Взмыленная и окровавленная лошадь не желала никого подпускать к себе. Людям потребовалось немало усилий хотя бы на то, чтобы окружить ее со всех сторон. К тому времени как старик подошел к месту происшествия, загонщики как раз начали стягивать кольцо вокруг измученного, лягающегося животного. Уворачиваясь от копыт, некоторые из загонщиков падали на землю и были теперь перемазаны в грязи с ног до головы. Наконец кто-то сумел удачно бросить лассо, и общими усилиями при помощи веревок животное было повалено на землю и крепко связано.
Бока лошади были исполосованы глубокими царапинами, а на шее от головы до самой груди зияла рваная рана.
Алькальд также явился на шум – на этот раз без зонтика. Посмотрев на лошадь и поняв, что у нее нет никаких шансов выжить, он достал револьвер и с общего молчаливого согласия одним выстрелом прекратил мучения несчастного животного. Получив пулю в голову, кобыла судорожно дернула всеми четырьмя ногами и затихла навсегда.
Воцарилось молчание, которое нарушил один из загонщиков.
– Это лошадь Миранды Алказельцера, – сказал он.

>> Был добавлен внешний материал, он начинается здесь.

lemma Rup_Ri:
  "1 \<le> i \<Longrightarrow> i < k \<Longrightarrow> k < p \<Longrightarrow> Rup Rm p k (Ri Rm p i f) = Ri Rm p (Suc i) (Rup Rm p k f)"
proof (induction k arbitrary: i f)
  case 0
  then show ?case by simp
next
  case (Suc k)
  show ?case
  proof (cases "i < k")
    case True
    then show ?thesis using Suc by (simp add: Ri_commute[of i "Suc k", symmetric])
  next
    case False
    then have i: "i = k" "Suc i < p" using Suc.prems by simp_all
    then obtain k' where k': "k = Suc k'" using Suc.prems by (cases k) auto
    have "Rup Rm p (Suc k) (Ri Rm p i f)
        = Rup Rm p k' (Ri Rm p (Suc i) (Ri Rm p i (Ri Rm p (Suc i) f)))"
      using i k' Ri_braid Suc.prems by simp
    also have "\<dots> = Ri Rm p (Suc i) (Rup Rm p (Suc k) f)"
      using i k' by (simp add: Rup_commute)
    finally show ?thesis .
  qed
qed

lemma inj_on_Rup:
  assumes "k < p"
  shows "inj_on (Rup Rm p k) (tpow p)"
  unfolding tens_pair.linear_inj_on_iff_eq_0[OF linear_Rup subspace_tpow]
  using assms
proof (induction k)
  case (Suc k)
  show ?case
  proof (intro ballI impI)
    fix f assume f: "f \<in> tpow p" "Rup Rm p (Suc k) f = 0"
    have "\<forall>g\<in>tpow p. Rup Rm p k g = 0 \<longrightarrow> g = 0"
      using Suc by (simp add: zero_fun_def)
    then have "Ri Rm p (Suc k) f = 0"
      using Ri_tpow[of Rm p "Suc k" f] f(2) by simp
    then have "sc q f = 0"
      using Ri_quadratic[OF f(1), of "Suc k"] Suc.prems
      by (simp add: tens_pair.linear_0[OF linear_Ri])
    then show "f = 0" using q_nonzero by simp
  qed
qed simp

subsection \<open>The alternating sum\<close>

definition alt_sum :: "nat \<Rightarrow> ('i list \<Rightarrow> 'a) \<Rightarrow> nat \<Rightarrow> 'i list \<Rightarrow> 'a" where
  "alt_sum n x k = (\<Sum>j = k..n. sc ((-1) ^ (j - k) * q ^ (n - j)) (Rdown Rm (Suc n) j x))"

lemma alt_sum_Suc:
  assumes "k \<le> n"
  shows "alt_sum n x k = sc (q ^ (n - k)) (Rdown Rm (Suc n) k x) - alt_sum n x (Suc k)"
proof -
  have "sc ((-1) ^ (j - k) * q ^ (n - j)) (Rdown Rm (Suc n) j x) =
      - sc ((-1) ^ (j - Suc k) * q ^ (n - j)) (Rdown Rm (Suc n) j x)" if "Suc k \<le> j" for j
  proof -
    have "j - k = Suc (j - Suc k)" using that by simp
    then show ?thesis by simp
  qed
  then show ?thesis
    using assms by (simp add: alt_sum_def sum.atLeast_Suc_atMost sum_negf)
qed

lemma alt_sum_empty: "alt_sum n x (Suc n) = 0"
  by (simp add: alt_sum_def)

lemma Ri_alt_sum:
  assumes x: "\<forall>j. 2 \<le> j \<and> j \<le> n \<longrightarrow> Ri Rm (Suc n) j x = - x" and k: "1 \<le> k"
  shows "Ri Rm (Suc n) k (alt_sum n x (Suc k)) = - alt_sum n x (Suc k)"
proof -
  have "Ri Rm (Suc n) k (Rdown Rm (Suc n) j x) = - Rdown Rm (Suc n) j x" if "j \<in> {Suc k..n}" for j
    using that k x Rdown_Ri_Suc[of k j "Suc n" x] by (simp add: tens_pair.linear_neg[OF linear_Rdown])
  then show ?thesis
    by (simp add: alt_sum_def tens_pair.linear_sum[OF linear_Ri] tens_pair.linear_scale[OF linear_Ri] sum_negf)
qed

lemma Rup_Rdown_alt_sum:
  assumes x: "x \<in> tpow (Suc n)" and Rx: "\<forall>j. 2 \<le> j \<and> j \<le> n \<longrightarrow> Ri Rm (Suc n) j x = - x"
  shows "Rup Rm (Suc n) n (Rdown Rm (Suc n) n x) = sc (q ^ Suc n) x - sc (q - 1) (alt_sum n x 0)"
proof -
  define y where "y k = Rdown Rm (Suc n) k x" for k
  have "Rup Rm (Suc n) n (y n)
      = Rup Rm (Suc n) k (sc (q ^ (n - k)) (y k) + sc (q - 1) (alt_sum n x (Suc k)))"
    if "k \<le> n" for k
    using that
  proof (induction k rule: inc_induct)
    case base
    then show ?case by (simp add: alt_sum_empty sc_def)
  next
    case (step k)
    have Ry: "Ri Rm (Suc n) (Suc k) (y (Suc k)) = sc (q - 1) (y (Suc k)) + sc q (y k)"
      using Ri_quadratic[of "y k" "Suc n" "Suc k"] x step.hyps by (simp add: y_def Rdown_tpow)
    have RA: "Ri Rm (Suc n) (Suc k) (alt_sum n x (Suc (Suc k))) = - alt_sum n x (Suc (Suc k))"
      using Ri_alt_sum[OF Rx] by simp
    have "n - k = Suc (n - Suc k)" using step.hyps by simp
    then have nk: "q ^ (n - k) = q * q ^ (n - Suc k)" by simp
    have "Ri Rm (Suc n) (Suc k)
          (sc (q ^ (n - Suc k)) (y (Suc k)) + sc (q - 1) (alt_sum n x (Suc (Suc k))))
        = sc (q ^ (n - Suc k)) (sc (q - 1) (y (Suc k)) + sc q (y k))
          - sc (q - 1) (alt_sum n x (Suc (Suc k)))"
      by (simp add: tens_pair.linear_add[OF linear_Ri] tens_pair.linear_scale[OF linear_Ri] Ry RA)
    also have "\<dots> = sc (q ^ (n - k)) (y k)
        + sc (q - 1) (sc (q ^ (n - Suc k)) (y (Suc k)) - alt_sum n x (Suc (Suc k)))"
      by (simp add: nk fun_eq_iff sc_def algebra_simps)
    also have "\<dots> = sc (q ^ (n - k)) (y k) + sc (q - 1) (alt_sum n x (Suc k))"
      using step.hyps by (simp add: alt_sum_Suc y_def)
    finally show ?case using step.IH by (metis Rup.simps(2))
  qed
  from this[of 0] have "Rup Rm (Suc n) n (y n) = sc (q ^ n) x + sc (q - 1) (alt_sum n x (Suc 0))"
    by (simp add: y_def)
  moreover have "alt_sum n x (Suc 0) = sc (q ^ n) x - alt_sum n x 0"
    using alt_sum_Suc[of 0 n x] by simp
  ultimately show ?thesis
    by (simp add: y_def fun_eq_iff sc_def algebra_simps)
qed

lemma alt_sum_in_Ups:
  assumes x: "x \<in> tpow (Suc n)" and Rx: "\<forall>j. 2 \<le> j \<and> j \<le> n \<longrightarrow> x \<in> Rq_range Rm q (Suc n) j"
  shows "alt_sum n x 0 \<in> Ups Rm q (Suc n)"
  unfolding Ups_iff
proof (intro conjI allI impI)
  define y where "y j = Rdown Rm (Suc n) j x" for j
  define c where "c j = (-1) ^ j * q ^ (n - j)" for j :: nat
  have y: "y j \<in> tpow (Suc n)" for j
    using x by (simp add: y_def Rdown_tpow)
  have sum: "alt_sum n x 0 = (\<Sum>j = 0..n. sc (c j) (y j))"
    by (simp add: alt_sum_def c_def y_def)
  show "alt_sum n x 0 \<in> tpow (Suc n)"
    unfolding sum using y subspace_tpow by (blast intro: tens.subspace_sum tens.subspace_scale)
  fix i assume i: "1 \<le> i \<and> i < Suc n"
  let ?S = "Rq_range Rm q (Suc n) i"
  have far: "y j \<in> ?S" if "j \<le> n" "j \<noteq> i - 1" "j \<noteq> i" for j
  proof (cases "j < i")
    case True
    then have "x \<in> ?S" using Rx i that by simp
    then show ?thesis
      unfolding y_def
      by (rule Rq_range_map[OF linear_Rdown]) (use True that(2) in \<open>simp_all add: Rdown_tpow Rdown_commute\<close>)
  next
    case False
    then have ij: "i < j" "j < Suc n" using that by simp_all
    then have "x \<in> Rq_range Rm q (Suc n) (Suc i)" using Rx i that by simp
    then show ?thesis
      unfolding y_def
      by (rule Rq_range_map[OF linear_Rdown]) (use i ij in \<open>simp_all add: Rdown_tpow Rdown_Ri_Suc\<close>)
  qed
  have "sc (c (i - 1)) (y (i - 1)) + sc (c i) (y i)
      = sc (c i) (Ri Rm (Suc n) i (y (i - 1)) - sc q (y (i - 1)))"
  proof -
    obtain k where k: "i = Suc k" using i by (cases i) auto
    have "n - k = Suc (n - i)" using i k by simp
    then have "c k = - q * c i" by (simp add: c_def k)
    then show ?thesis by (simp add: k y_def fun_eq_iff sc_def algebra_simps)
  qed
  also have "\<dots> \<in> ?S"
    using y by (intro tens.subspace_scale[OF subspace_Rq_range]) (simp add: Rq_range_def)
  finally have near: "sc (c (i - 1)) (y (i - 1)) + sc (c i) (y i) \<in> ?S" .
  have "alt_sum n x 0
      = (\<Sum>j \<in> {0..n} - {i - 1, i}. sc (c j) (y j)) + (sc (c (i - 1)) (y (i - 1)) + sc (c i) (y i))"
    using i unfolding sum by (subst sum.subset_diff[of "{i - 1, i}"]) auto
  also have "\<dots> \<in> ?S"
    using far near subspace_Rq_range by (auto intro!: tens.subspace_add tens.subspace_sum tens.subspace_scale)
  finally show "alt_sum n x 0 \<in> ?S" .
qed

lemma Rup_Rdown_scalar:
  assumes top: "Ups Rm q (Suc n) = {0}" and x: "x \<in> tpow (Suc n)"
    and Rx: "\<forall>j. 2 \<le> j \<and> j \<le> n \<longrightarrow> x \<in> Rq_range Rm q (Suc n) j"
  shows "Rup Rm (Suc n) n (Rdown Rm (Suc n) n x) = sc (q ^ Suc n) x"
proof -
  have "alt_sum n x 0 = 0" using alt_sum_in_Ups[OF x Rx] top by simp
  moreover have "\<forall>j. 2 \<le> j \<and> j \<le> n \<longrightarrow> Ri Rm (Suc n) j x = - x" using Rx Ri_on_Rq_range by simp
  ultimately show ?thesis using Rup_Rdown_alt_sum[OF x] by simp
qed

subsection \<open>The operators theta and theta-bar\<close>

lemma Rq_range_tmul_Ups:
  assumes "v \<in> tpow 1" "t \<in> Ups Rm q n" "1 \<le> i" "i < n"
  shows "tmul 1 v t \<in> Rq_range Rm q (Suc n) (Suc i)"
    and "tmul n t v \<in> Rq_range Rm q (Suc n) i"
  using assms Rq_range_tmul_right[of v 1 t Rm q n i] Rq_range_tmul_left[of t Rm q n i v 1]
  by (simp_all add: Ups_iff)

lemma Rdown_tmul_factor:
  assumes dim: "tens.dim (Ups Rm q n) = 1" and t: "t \<in> Ups Rm q n" "t \<noteq> 0" and v: "v \<in> tpow 1"
  shows "\<exists>u\<in>tpow 1. Rdown Rm (Suc n) n (tmul 1 v t) = tmul n t u"
proof -
  have "Rdown Rm (Suc n) n (tmul 1 v t) \<in> Rq_range Rm q (n + 1) i" if "1 \<le> i" "i < n" for i
    by (rule Rq_range_map[OF linear_Rdown Rq_range_tmul_Ups(1)[OF v t(1) that]])
      (use that in \<open>simp_all add: Rdown_tpow Rdown_Ri_Suc\<close>)
  moreover have "Rdown Rm (Suc n) n (tmul 1 v t) \<in> tpow (n + 1)"
    using v t(1) tmul_tpow[of v 1 t n] by (simp add: Rdown_tpow Ups_iff)
  ultimately show ?thesis
    using tmul_factor_right_Ups[OF dim t] by blast
qed

lemma Rup_tmul_factor:
  assumes dim: "tens.dim (Ups Rm q n) = 1" and t: "t \<in> Ups Rm q n" "t \<noteq> 0" and v: "v \<in> tpow 1"
  shows "\<exists>u\<in>tpow 1. Rup Rm (Suc n) n (tmul n t v) = tmul 1 u t"
proof -
  have "Rup Rm (Suc n) n (tmul n t v) \<in> Rq_range Rm q (1 + n) (1 + i)" if "1 \<le> i" "i < n" for i
    by (rule Rq_range_map[OF linear_Rup Rq_range_tmul_Ups(2)[OF v t(1) that]])
      (use that in \<open>simp_all add: Rup_tpow Rup_Ri\<close>)
  moreover have "Rup Rm (Suc n) n (tmul n t v) \<in> tpow (1 + n)"
    using v t(1) tmul_tpow[of t n v 1] by (simp add: Rup_tpow Ups_iff)
  ultimately show ?thesis
    using tmul_factor_left_Ups[OF dim t] by blast
qed

lemma braiding_factors_scaled_inverse:
  assumes top: "Ups Rm q (Suc n) = {0}" and t: "t \<in> Ups Rm q n" "t \<noteq> 0"
    and \<theta>: "\<forall>v. \<theta> v \<in> tpow 1" "\<forall>v\<in>tpow 1. Rdown Rm (Suc n) n (tmul 1 v t) = tmul n t (\<theta> v)"
    and \<theta>': "\<forall>v. \<theta>' v \<in> tpow 1" "\<forall>v\<in>tpow 1. Rup Rm (Suc n) n (tmul n t v) = tmul 1 (\<theta>' v) t"
  shows "\<forall>v\<in>tpow 1. \<theta>' (\<theta> v) = sc (q ^ Suc n) v" and "\<forall>v\<in>tpow 1. \<theta> (\<theta>' v) = sc (q ^ Suc n) v"
proof -
  let ?Q = "q ^ Suc n"
  have tn: "t \<in> tpow n" using t(1) by (simp add: Ups_iff)
  have tmul_tpow_1: "tmul 1 v t \<in> tpow (Suc n)" if "v \<in> tpow 1" for v
    using tmul_tpow[OF that tn] by simp
  have cycle: "Rup Rm (Suc n) n (Rdown Rm (Suc n) n (tmul 1 v t)) = sc ?Q (tmul 1 v t)" if v: "v \<in> tpow 1" for v
  proof (rule Rup_Rdown_scalar[OF top tmul_tpow_1[OF v]], intro allI impI)
    fix j assume "2 \<le> j \<and> j \<le> n"
    then obtain i where "j = Suc i" "1 \<le> i" "i < n" by (cases j) auto
    then show "tmul 1 v t \<in> Rq_range Rm q (Suc n) j" using Rq_range_tmul_Ups(1)[OF v t(1)] by simp
  qed
  show "\<forall>v\<in>tpow 1. \<theta>' (\<theta> v) = sc ?Q v"
  proof
    fix v :: "'i list \<Rightarrow> 'a" assume v: "v \<in> tpow 1"
    have "tmul 1 (\<theta>' (\<theta> v)) t = Rup Rm (Suc n) n (Rdown Rm (Suc n) n (tmul 1 v t))"
      using v \<theta> \<theta>' by simp
    also have "\<dots> = tmul 1 (sc ?Q v) t"
      using cycle[OF v] by (simp add: tens_pair.linear_scale[OF linear_tmul_left])
    finally show "\<theta>' (\<theta> v) = sc ?Q v"
      by (rule tmul_cancel_right[OF t(2) \<theta>'(1)[rule_format] tens.subspace_scale[OF subspace_tpow v]])
  qed
  show "\<forall>v\<in>tpow 1. \<theta> (\<theta>' v) = sc ?Q v"
  proof
    fix v :: "'i list \<Rightarrow> 'a" assume v: "v \<in> tpow 1"
    have "Rup Rm (Suc n) n (Rdown Rm (Suc n) n (tmul 1 (\<theta>' v) t)) = sc ?Q (tmul 1 (\<theta>' v) t)"
      by (rule cycle[OF \<theta>'(1)[rule_format]])
    also have "\<dots> = sc ?Q (Rup Rm (Suc n) n (tmul n t v))"
      using v \<theta>'(2) by simp
    also have "\<dots> = Rup Rm (Suc n) n (sc ?Q (tmul n t v))"
      by (simp add: tens_pair.linear_scale[OF linear_Rup])
    finally have "Rdown Rm (Suc n) n (tmul 1 (\<theta>' v) t) = sc ?Q (tmul n t v)"
    proof (rule inj_onD[OF inj_on_Rup[OF lessI]])
      show "Rdown Rm (Suc n) n (tmul 1 (\<theta>' v) t) \<in> tpow (Suc n)"
        by (rule Rdown_tpow[OF tmul_tpow_1[OF \<theta>'(1)[rule_format]]])
      show "sc ?Q (tmul n t v) \<in> tpow (Suc n)"
        using tmul_tpow[OF tn v] by (simp add: tens.subspace_scale[OF subspace_tpow])
    qed
    then have "tmul n t (\<theta> (\<theta>' v)) = tmul n t (sc ?Q v)"
      using \<theta> \<theta>' by (simp add: tens_pair.linear_scale[OF linear_tmul_right])
    then show "\<theta> (\<theta>' v) = sc ?Q v"
      by (rule tmul_cancel_left[OF tn t(2) \<theta>(1)[rule_format] tens.subspace_scale[OF subspace_tpow v]])
  qed
qed
lemma expected_walk_lipschitz:
  assumes d: "metric_on P d" and "x \<in> P" "y \<in> P" "v \<in> P" "set xs \<subseteq> P"
    and "\<forall>u\<in>set xs. 0 \<le> q u \<and> q u \<le> 1"
  shows "\<bar>expected_walk d x (map (\<lambda>u. (u, q u)) xs) v - expected_walk d y (map (\<lambda>u. (u, q u)) xs) v\<bar>
         \<le> d x y"
  using assms(2-)
proof (induction xs arbitrary: x y)
  case Nil
  then show ?case using metric_onD[OF d, of x y v] metric_onD[OF d, of y x v] by simp
next
  case (Cons a xs)
  let ?W = "\<lambda>x. expected_walk d x (map (\<lambda>u. (u, q u)) xs) v"
  have a: "a \<in> P" "0 \<le> q a" "q a \<le> 1" using Cons.prems by auto
  have "\<bar>?W x - ?W y\<bar> \<le> d x y" using Cons by simp
  then have "\<bar>(1 - q a) * (?W x - ?W y)\<bar> \<le> (1 - q a) * d x y"
    using a by (simp add: abs_mult mult_left_mono)
  moreover have "\<bar>q a * (d x a - d y a)\<bar> \<le> q a * d x y"
    using metric_onD[OF d, of x y a] metric_onD[OF d, of y x a] Cons.prems a
    by (simp add: abs_mult abs_le_iff mult_left_mono)
  ultimately show ?case by (simp add: algebra_simps)
qed

lemma scaled_mixture_le:
  fixes c q q' A X D :: real
  assumes c: "0 \<le> c" "c \<le> 1" and q: "0 \<le> q" "c * q \<le> q'" and AX: "\<bar>A - X\<bar> \<le> D"
  shows "c^2 * (q * (D + A) + (1 - q) * X) \<le> q' * (D + c^2 * A) + (1 - q') * (c^2 * X)"
proof -
  have c2: "c^2 \<le> 1" using c by (simp add: power_le_one)
  have gap: "c^2 * \<bar>q' - q\<bar> \<le> q' - c^2 * q"
  proof (cases "q \<le> q'")
    case True
    have "0 \<le> q'" using q c by (meson mult_nonneg_nonneg order_trans)
    then have "q' * c^2 \<le> q'" using c2 by (simp add: mult_right_le_one_le)
    then show ?thesis using True by (simp add: algebra_simps)
  next
    case False
    \<comment> \<open>\<open>2 c\<^sup>2 q \<le> c q (1 + c\<^sup>2) \<le> q' (1 + c\<^sup>2)\<close>, since \<open>c (1 - c)\<^sup>2 \<ge> 0\<close>\<close>
    have "c * q * (1 + c^2) \<le> q' * (1 + c^2)" using q by (intro mult_right_mono) auto
    moreover have "0 \<le> q * (c * (1 - c)^2)" using q c by simp
    ultimately show ?thesis using False by (simp add: algebra_simps power2_eq_square)
  qed
  have "\<bar>c^2 * ((q' - q) * (A - X))\<bar> \<le> c^2 * \<bar>q' - q\<bar> * D"
    using AX by (simp add: abs_mult mult.assoc mult_left_mono)
  moreover have "c^2 * \<bar>q' - q\<bar> * D \<le> (q' - c^2 * q) * D"
    using gap AX by (intro mult_right_mono) auto
  moreover have "q' * (D + c^2 * A) + (1 - q') * (c^2 * X) - c^2 * (q * (D + A) + (1 - q) * X)
      = (q' - c^2 * q) * D + c^2 * ((q' - q) * (A - X))"
    by (simp add: algebra_simps)
  ultimately show ?thesis by linarith
qed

Остальные согласно кивнули.
Миранда, один из переселенцев, в свое время основал ферму в семи километрах от Эль-Идилио. Когда стало ясно, что обороняться от наступающей сельвы и обрабатывать отвоеванные у леса клочки земли в одиночку невозможно, он сдался, но возвращаться в поселок не стал. Последние годы он перебивался тем, что открыл в своем доме что-то вроде магазина с очень бедным – включавшим только самое необходимое – ассортиментом. Золотоискатели, не хотевшие порой тратить липшее время на то, чтобы добираться до поселка, предпочитали закупать у него водку, сигареты, соль и «Алказельцер». Отсюда и пошло такое странное прозвище.
Лошадь была оседлана, и из этого следовало логичное предположение, что где-то должен быть и всадник.
Алькальд оповестил всех о том, что на следующее утро поисковая группа выходит в направлении фактории Миранды. Кроме того, он назначил двух человек для выполнения абсолютно безотлагательной работы: разделки туши мертвого животного. Омываемые дождем мачете привычно вонзались в лошадиное мясо. Перепачканные кровью, они вновь взлетали вверх, и ливень мгновенно смывал красную жидкость с клинков. В очередной раз мачете втыкались в лошадиную тушу без капли крови или клочка шерсти на лезвиях.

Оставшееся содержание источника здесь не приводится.